The full recursion is then an iteration of these operations. Since stacks, and pairs of stacks, can be encoded, we can perform the same operation as a hylomorphism only using first-order functions.

The first stack will just be a list of natural numbers which we feed into a coalgebra and receive from and algebra. Since I’m using bijective encodings, it does not matter at all what functions are used for the (co)algebra; anything will work. What does matter is appropriate manipulation of the second stack. We will have to vary how its interpreted based on the intermediate type of our hylomorphism. In general, it will be initial over some endofunctor

F[X] = c0 + c1 X + c2 X² + ...

Where c0, c1, … are either finite sets or ℕ. The symbols for our reverse polish notation will then be

RPN[F] = c0 + c1 + c2 + ...

Merely removing the recursive cases.

Using binary trees (the ones that store no data) as an example, let’s say we had a number, say 53, in the first stack. In the anamorphism stage, we’d apply the coalgebra repeatedly to build up an intermediate tree. Applying the coalgebra might yield 234. This would encode a branch layer with 2 and 19 on the branches. We’d push these numbers onto the first stack, while pushing a token representing the branch state, say the symbol “B”, onto the second stack. We’d then apply the coalgebra to 2. If that yielded a 0 it would represent a leaf, so we’d push an “L” onto the second stack. If the coalgebra also returned 0 on 19, we’d end up with an empty first stack, and a second stack of the form {L, L, B}, representing the binary tree B[L, L] in reverse polish notation. In the catamorphism stage, we’d apply our algebra first to “L”, yielding, say, 23, and we’d push that onto the first stack. Repeating that, we’d have two 23s on the first stack and a B left in the second. When the B is received, two elements would be popped off the first stack, combined into a number representing a branch layer with two 23s on both branches (1105), and fed into the algebra. Whatever that output would be pushed onto the first stack. We’d be left with one number in the first stack and nothing in the second, so whatever’s in that first stack would be our ultimate return value.

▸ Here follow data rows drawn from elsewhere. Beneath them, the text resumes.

(* Let $\mathcal C\subseteq V$ be a subspace of dimension $K=|\mathcal C|$ with orthogonal projector $P$. Then: (1) $A_i(P,P)\ge0$ for all $i$; (2) $\sum_iA_i(P,P)=K$; (3) $\sum_iB_i(P,P)=K^2$; (4) if some sector $\mathcal E_0=\mathrm{span}\{I\}$, then $A_0(P,P)=K^2/\dim V$ and $B_0(P,P)=K/\dim V$; (5) for every $i$, $A_i(P,P)\le K\,B_i(P,P)$, with equality if and only if $\mathcal C$ detects every error in $\mathcal E_i$.
   Context: Let $V$ be a finite-dimensional complex Hilbert space and $\mathcal L(V)$ the space of linear operators on $V$, equipped with the Hilbert–Schmidt inner product $\langle X_1,X_2\rangle=\mathrm{Tr}(X_1^\dagger X_2)$. Fix an orthogonal decomposition $\mathcal L(V)=\bigoplus_{i\in I}\mathcal E_i$. For each $i$, let $\Pi_i$ be the orthogonal projector of $\mathcal L(V)$ onto $\mathcal E_i$, fix an orthonormal basis $\mathcal B_i$ of $\mathcal E_i$, and let $\mathrm{Twirl}_i(X)=\sum_{E\in\mathcal B_i}E^\dagger XE$. Define $A_i(X_1,X_2)=\langle X_1,\Pi_i(X_2)\rangle$ and $B_i(X_1,X_2)=\langle X_1,\mathrm{Twirl}_i(X_2)\rangle$. A subspace $\mathcal C\subseteq V$ with orthogonal projector $P$ detects every error in a subspace $\mathcal F\subseteq\mathcal L(V)$ if for every $E\in\mathcal F$ there is a scalar $c_E\in\mathbb C$ with $PEP=c_EP$. *)

theory Defs
  imports "HOL-Analysis.Analysis" "HOL-Library.Complex_Order"
begin

text \<open>V = complex^'n (dim V = CARD('n)); L(V) = complex^'n^'n (matrices).\<close>

definition mscale :: "complex \<Rightarrow> complex^'n^'n \<Rightarrow> complex^'n^'n" where
  "mscale c A = (\<chi> i j. c * A$i$j)"

definition adj :: "complex^'n^'n \<Rightarrow> complex^'n^'n" where
  "adj A = (\<chi> i j. cnj (A$j$i))"

definition hs :: "complex^'n^'n \<Rightarrow> complex^'n^'n \<Rightarrow> complex" where
  "hs X Y = trace (adj X ** Y)"

definition msubspace :: "(complex^'n^'n) set \<Rightarrow> bool" where
  "msubspace S \<longleftrightarrow> 0 \<in> S \<and> (\<forall>x\<in>S. \<forall>y\<in>S. x + y \<in> S) \<and> (\<forall>c. \<forall>x\<in>S. mscale c x \<in> S)"

definition mspan :: "(complex^'n^'n) set \<Rightarrow> (complex^'n^'n) set" where
  "mspan Bs = {(\<Sum>E\<in>Bs. mscale (f E) E) | f. True}"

Let me code up an explicit example using binary trees before I convert quicksort into this format.

treeAnaStep[coalg_, {{}, {s___}}] := {{}, {s}}
treeAnaStep[coalg_, {{n_, ns___}, {s___}}] :=
 With[{l = coalg@n},
  If[
   l == 0,
   {{ns}, {L, s}},
   {{treeLeft[l], treeRight[l], ns}, {B, s}}
   ]]

treeCataStep[alg_, {{n___}, {}}] := {{n}, {}}
treeCataStep[alg_, {{ns___}, {L, s___}}] := {{alg[0], ns}, {s}}
treeCataStep[alg_, {{l_, r_, ns___}, {B, s___}}] :=
  {{alg[branch[l, r]], ns}, {s}}

We can repeatedly iterate these functions to manipulate the stack. It may be helpful to see an example evaluated over time. I’ll calculate the number of leaves in an input tree. Since the input is being interpreted as a tree, we can use the identity function as our coalgebra so it doesn’t affect its structure. The algebra will simply return 1 on a leaf and add the two branches together on anything else.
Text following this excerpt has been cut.